At first I did. But that changed to disgust and revulsion.


----------



## Q tip (Apr 15, 2014)

You are not accountable for the willful actions of others. They are.

You are responsible for a happy you. Doing what you want and personal growth.

Challenge yourself for a better life. Set goals. Make plans. Enjoy.


----------



## warlock07 (Oct 28, 2011)

RV9 said:


> Any bs who feels shame for what happened?
> 
> I feel shame about the fact that it was an lta and the proof had to be in my face for me to understand it. I thought I was a smart guy. Oh well..


Now you know... 

If you are planning to leave, leave now before the kid can actually recognize and remember you... It gets worse as the kid gets older


----------



## CantBelieveThis (Feb 25, 2014)

i was very ashamed because I was proud of our marriage and what we built...the image we represented to friends and family was very good.....that all came crashing down for me in one instant.....i was very embarrassed to be cheated on...to the point i didnt want anyone to know anything at all...that lasted about a week to the point it turned to anger....and exposed to her family...


----------



## MattMatt (May 19, 2012)

Guilt. I felt guilt as I thought I'd let her down and in that lovely old term: "Driven her into the arms of another man."

She took pains to disabuse me of that idea, which certainly helped me.


----------



## altawa (Jan 4, 2015)

Yes. Very ashamed. I still have never told anybody but one of my closest friends because I finally had to have somebody to talk to about it.


----------



## MattMatt (May 19, 2012)

altawa said:


> Yes. Very ashamed. I still have never told anybody but one of my closest friends because I finally had to have somebody to talk to about it.


I told nobody about my wife's affair. 

My MIL knew and apologised about what had happened. I think she guessed what was happening.
_Posted via Mobile Device_


----------



## Openminded (Feb 21, 2013)

I never was ashamed but I certainly was embarrassed and told no one the first time because I decided to reconcile. The second time, when I decided I wanted a divorce, was totally different. No embarrassment. I told everyone why I was getting out. And I told them about the first time (since it was the same OW).


----------



## lordmayhem (Feb 7, 2011)

RV9 said:


> Any bs who feels shame for what happened?
> 
> I feel shame about the fact that it was an lta and the proof had to be in my face for me to understand it. I thought I was a smart guy. Oh well..
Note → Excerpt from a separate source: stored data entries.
(* Let $m\ge 0$ be an integer, $\mathbf{X}\in\{0,1\}^{(m+1)\times m}$ and $\mathbf{Y}\in\{0,1\}^{m\times(m+1)}$. Then $\mathbb{D}_{1,0}(\mathbf{X})\cap\mathbb{D}_{0,1}(\mathbf{Y})\neq\emptyset$ if and only if $\mathbb{I}_{0,1}(\mathbf{X})\cap\mathbb{I}_{1,0}(\mathbf{Y})\neq\emptyset$.
   Context: For a binary array $\mathbf{X}$, $\mathbb{D}_{t_r,t_c}(\mathbf{X})$ denotes the set of all arrays obtained from $\mathbf{X}$ by deleting any $t_r$ rows and any $t_c$ columns, and $\mathbb{I}_{t_r,t_c}(\mathbf{X})$ the set of all binary arrays obtained from $\mathbf{X}$ by inserting $t_r$ rows and $t_c$ columns (arbitrary binary content, arbitrary positions). *)

theory Defs
  imports Main
begin

text \<open>A binary array is a triple (r, c, A): r rows, c columns, entries A i j for i < r, j < c.
  Entries outside the range are normalized to False so that equality of triples is
  equality of arrays.\<close>

type_synonym barray = "nat \<times> nat \<times> (nat \<Rightarrow> nat \<Rightarrow> bool)"

definition wf_array :: "barray \<Rightarrow> bool" where
  "wf_array X = (case X of (r, c, A) \<Rightarrow> (\<forall>i j. (i \<ge> r \<or> j \<ge> c) \<longrightarrow> \<not> A i j))"

definition binarrays :: "nat \<Rightarrow> nat \<Rightarrow> barray set" where
  "binarrays r c = {X. wf_array X \<and> fst X = r \<and> fst (snd X) = c}"

definition delete_rc :: "barray \<Rightarrow> nat set \<Rightarrow> nat set \<Rightarrow> barray" where
  "delete_rc X R C = (case X of (r, c, A) \<Rightarrow>
     (let rs = sorted_list_of_set ({..<r} - R); cs = sorted_list_of_set ({..<c} - C)
      in (length rs, length cs,
          \<lambda>i j. i < length rs \<and> j < length cs \<and> A (rs ! i) (cs ! j))))"

definition Del :: "nat \<Rightarrow> nat \<Rightarrow> barray \<Rightarrow> barray set" where
  "Del tr tc X = (case X of (r, c, A) \<Rightarrow>
     {delete_rc X R C | R C. R \<subseteq> {..<r} \<and> card R = tr \<and> C \<subseteq> {..<c} \<and> card C = tc})"

text \<open>I_{tr,tc}(X): all binary arrays obtained by inserting tr rows and tc columns
  (arbitrary content, arbitrary positions), i.e. arrays Y of size (r+tr) x (c+tc) with
  row positions R and column positions C (|R| = tr, |C| = tc) such that removing the
  inserted rows/columns gives back X.\<close>
definition Ins :: "nat \<Rightarrow> nat \<Rightarrow> barray \<Rightarrow> barray set" where
  "Ins tr tc X = (case X of (r, c, A) \<Rightarrow>
     {Y \<in> binarrays (r + tr) (c + tc). \<exists>R C. R \<subseteq> {..<r + tr} \<and> card R = tr \<and>
        C \<subseteq> {..<c + tc} \<and> card C = tc \<and> delete_rc Y R C = X})"

end

theory Submission
  imports Defs
begin

text \<open>If X minus row i equals Y minus column j, insert into X at position j the column j
  of Y, with an arbitrary entry in row i: deleting column j gives back X, deleting row i gives
  Y. Conversely, if W yields X by deleting column j and Y by deleting row i, then X minus
  row i and Y minus column j both equal W minus row i and column j, because row and column
  deletions commute.\<close>

definition skip :: "nat \<Rightarrow> nat \<Rightarrow> nat" where
  "skip i k = (if k < i then k else Suc k)"

definition unskip :: "nat \<Rightarrow> nat \<Rightarrow> nat" where
  "unskip i k = (if k < i then k else k - 1)"

lemma unskip_skip [simp]: "unskip i (skip i k) = k"
  by (simp add: skip_def unskip_def)

lemma skip_unskip: "k \<noteq> i \<Longrightarrow> skip i (unskip i k) = k"
  by (auto simp: skip_def unskip_def)

lemma skip_neq [simp]: "skip i k \<noteq> i"
  by (simp add: skip_def)

lemma skip_less_Suc_iff [simp]: "i < Suc n \<Longrightarrow> skip i k < Suc n \<longleftrightarrow> k < n"
  by (auto simp: skip_def)

lemma unskip_less: "k < Suc n \<Longrightarrow> k \<noteq> i \<Longrightarrow> i < Suc n \<Longrightarrow> unskip i k < n"
  by (auto simp: unskip_def)

lemma sorted_list_of_set_lessThan_remove:
  assumes "i < Suc n"
  shows "sorted_list_of_set ({..<Suc n} - {i}) = map (skip i) [0..<n]"
proof (rule sorted_distinct_set_unique)
  show "sorted (map (skip i) [0..<n])"
    by (auto simp: sorted_iff_nth_mono skip_def)
  show "distinct (map (skip i) [0..<n])"
    by (simp add: distinct_map inj_on_def) (metis unskip_skip)
  have "{..<Suc n} - {i} = skip i ` {..<n}"
    using assms by (auto simp: image_iff) (metis lessThan_iff skip_unskip unskip_less)
  then show "set (sorted_list_of_set ({..<Suc n} - {i})) = set (map (skip i) [0..<n])"
    by (simp add: atLeast0LessThan)
qed auto

lemma sorted_list_of_set_lessThan: "sorted_list_of_set {..<n} = [0..<n]"
  by (simp add: lessThan_atLeast0)

lemma delete_rc_row:
  assumes "i < Suc r"
  shows "delete_rc (Suc r, c, A) {i} {} = (r, c, \<lambda>a b. a < r \<and> b < c \<and> A (skip i a) b)"
  using assms
  by (auto simp: delete_rc_def sorted_list_of_set_lessThan_remove sorted_list_of_set_lessThan fun_eq_iff)

lemma delete_rc_column:
  assumes "j < Suc c"
  shows "delete_rc (r, Suc c, A) {} {j} = (r, c, \<lambda>a b. a < r \<and> b < c \<and> A a (skip j b))"
  using assms
  by (auto simp: delete_rc_def sorted_list_of_set_lessThan_remove sorted_list_of_set_lessThan fun_eq_iff)

lemma delete_row_column_commute:
  assumes "i < Suc r" and "j < Suc c"
  shows "delete_rc (delete_rc (Suc r, Suc c, A) {} {j}) {i} {}
       = delete_rc (delete_rc (Suc r, Suc c, A) {i} {}) {} {j}"
  using assms by (simp add: delete_rc_row delete_rc_column fun_eq_iff)

lemma binarrays_iff:
  "(r', c', A) \<in> binarrays r c \<longleftrightarrow> r' = r \<and> c' = c \<and> (\<forall>a b. A a b \<longrightarrow> a < r \<and> b < c)"
  unfolding binarrays_def wf_array_def by (auto simp: not_le) (meson not_le)+

lemma card_eq_0_subset_lessThan: "C \<subseteq> {..<(n::nat)} \<Longrightarrow> card C = 0 \<longleftrightarrow> C = {}"
  using finite_subset by fastforce

lemma Del_1_0: "Del 1 0 (Suc r, c, A) = {delete_rc (Suc r, c, A) {i} {} | i. i < Suc r}"
  unfolding Del_def by (auto simp: card_eq_0_subset_lessThan card_1_singleton_iff)
    (use card.empty in blast)

lemma Del_0_1: "Del 0 1 (r, Suc c, A) = {delete_rc (r, Suc c, A) {} {j} | j. j < Suc c}"
  unfolding Del_def by (auto simp: card_eq_0_subset_lessThan card_1_singleton_iff)
    (use card.empty in blast)

lemma Ins_0_1:
  "Ins 0 1 (r, c, A) = {W \<in> binarrays r (Suc c). \<exists>j < Suc c. delete_rc W {} {j} = (r, c, A)}"
  unfolding Ins_def by (auto simp: card_eq_0_subset_lessThan card_1_singleton_iff)
    (use card.empty in blast)

lemma Ins_1_0:
  "Ins 1 0 (r, c, A) = {W \<in> binarrays (Suc r) c. \<exists>i < Suc r. delete_rc W {i} {} = (r, c, A)}"
  unfolding Ins_def by (auto simp: card_eq_0_subset_lessThan card_1_singleton_iff)
    (use card.empty in blast)

lemma common_extension:
  assumes X: "(Suc r, c, A) \<in> binarrays (Suc r) c" and Y: "(r, Suc c, B) \<in> binarrays r (Suc c)"
    and i: "i < Suc r" and j: "j < Suc c"
    and eq: "delete_rc (Suc r, c, A) {i} {} = delete_rc (r, Suc c, B) {} {j}"
  obtains W where "W \<in> binarrays (Suc r) (Suc c)"
    and "delete_rc W {} {j} = (Suc r, c, A)" and "delete_rc W {i} {} = (r, Suc c, B)"
proof
  have A_B: "A (skip i a) b = B a (skip j b)" if "a < r" "b < c" for a b
    using eq i j that by (simp add: delete_rc_row delete_rc_column fun_eq_iff) meson
  define C where "C a b \<longleftrightarrow> a < Suc r \<and> b < Suc c \<and>
      (if b = j then a \<noteq> i \<and> B (unskip i a) j else A a (unskip j b))" for a b
  show "(Suc r, Suc c, C) \<in> binarrays (Suc r) (Suc c)"
    by (simp add: binarrays_iff C_def)
  show "delete_rc (Suc r, Suc c, C) {} {j} = (Suc r, c, A)"
    using X j by (auto simp: delete_rc_column binarrays_iff fun_eq_iff C_def)
  have "C (skip i a) b = B a b" if "a < r" "b < Suc c" for a b
  proof (cases "b = j")
    case False
    then have "unskip j b < c" and "skip j (unskip j b) = b"
      using that j by (simp_all add: unskip_less skip_unskip)
    then show ?thesis
      using False that i A_B[of a "unskip j b"] by (simp add: C_def)
  qed (use that i in \<open>simp add: C_def\<close>)
  then show "delete_rc (Suc r, Suc c, C) {i} {} = (r, Suc c, B)"
    using Y i by (auto simp: delete_rc_row binarrays_iff fun_eq_iff)
qed

theorem Del_inter_Del_iff_Ins_inter_Ins:
  assumes X: "X \<in> binarrays (Suc r) c" and Y: "Y \<in> binarrays r (Suc c)"
  shows "Del 1 0 X \<inter> Del 0 1 Y \<noteq> {} \<longleftrightarrow> Ins 0 1 X \<inter> Ins 1 0 Y \<noteq> {}"
proof -
  obtain A B where XA: "X = (Suc r, c, A)" and YB: "Y = (r, Suc c, B)"
    using X Y by (cases X, cases Y) (auto simp: binarrays_def)
  show ?thesis
  proof
    assume "Del 1 0 X \<inter> Del 0 1 Y \<noteq> {}"
    then obtain i j where "i < Suc r" "j < Suc c" "delete_rc X {i} {} = delete_rc Y {} {j}"
      unfolding XA YB Del_1_0 Del_0_1 by blast
    with X Y obtain W where "W \<in> binarrays (Suc r) (Suc c)"
      and "delete_rc W {} {j} = X" and "delete_rc W {i} {} = Y"
      unfolding XA YB by (rule common_extension)
    with \<open>i < Suc r\<close> \<open>j < Suc c\<close> show "Ins 0 1 X \<inter> Ins 1 0 Y \<noteq> {}"
      unfolding Ins_0_1 Ins_1_0 XA YB by auto
  next
    assume "Ins 0 1 X \<inter> Ins 1 0 Y \<noteq> {}"
    then obtain C i j where "i < Suc r" "j < Suc c"
      and "delete_rc (Suc r, Suc c, C) {} {j} = X" "delete_rc (Suc r, Suc c, C) {i} {} = Y"
      unfolding Ins_0_1 Ins_1_0 XA YB by (auto simp: binarrays_def)
    then have "delete_rc X {i} {} = delete_rc Y {} {j}"
      using delete_row_column_commute by metis
    with \<open>i < Suc r\<close> \<open>j < Suc c\<close> show "Del 1 0 X \<inter> Del 0 1 Y \<noteq> {}"
      unfolding XA YB Del_1_0 Del_0_1 by blast
  qed
qed

theorem lemma2:
  fixes m :: nat and X Y :: barray
  assumes "X \<in> binarrays (m + 1) m" and "Y \<in> binarrays m (m + 1)"
  shows "Del 1 0 X \<inter> Del 0 1 Y \<noteq> {} \<longleftrightarrow> Ins 0 1 X \<inter> Ins 1 0 Y \<noteq> {}"
  using Del_inter_Del_iff_Ins_inter_Ins[of X m m Y] assms by simp

end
I'm confused. I thought this was a two month affair and that she's been remorseful and doing the heavy lifting? When did you find out that it as a Long Term Affair (LTA)?


----------



## poida (Jan 17, 2014)

Q tip said:


> You are not accountable for the willful actions of others. They are.
> 
> You are responsible for a happy you. Doing what you want and personal growth.
> 
> Challenge yourself for a better life. Set goals. Make plans. Enjoy.


Totally. Once I realised that I only had to forgive myself for it not being able to make reconciliation work with the WW, I was able to move on. 

Forgive yourself.


----------



## Dyokemm (Apr 24, 2013)

I felt no shame at all for what she had done.

I cannot see the logic in ever being ashamed myself for the actions of other people.

Now, if I had taken her back when she asked for another chance 8 months later, I would have been deeply and permanently ashamed because I would have betrayed my own sense of honor as well as my values/beliefs.

I think its fine for a BS to feel shame for their part in any problems that troubled the M/relationship before the A....that's simply owning your own sh*t.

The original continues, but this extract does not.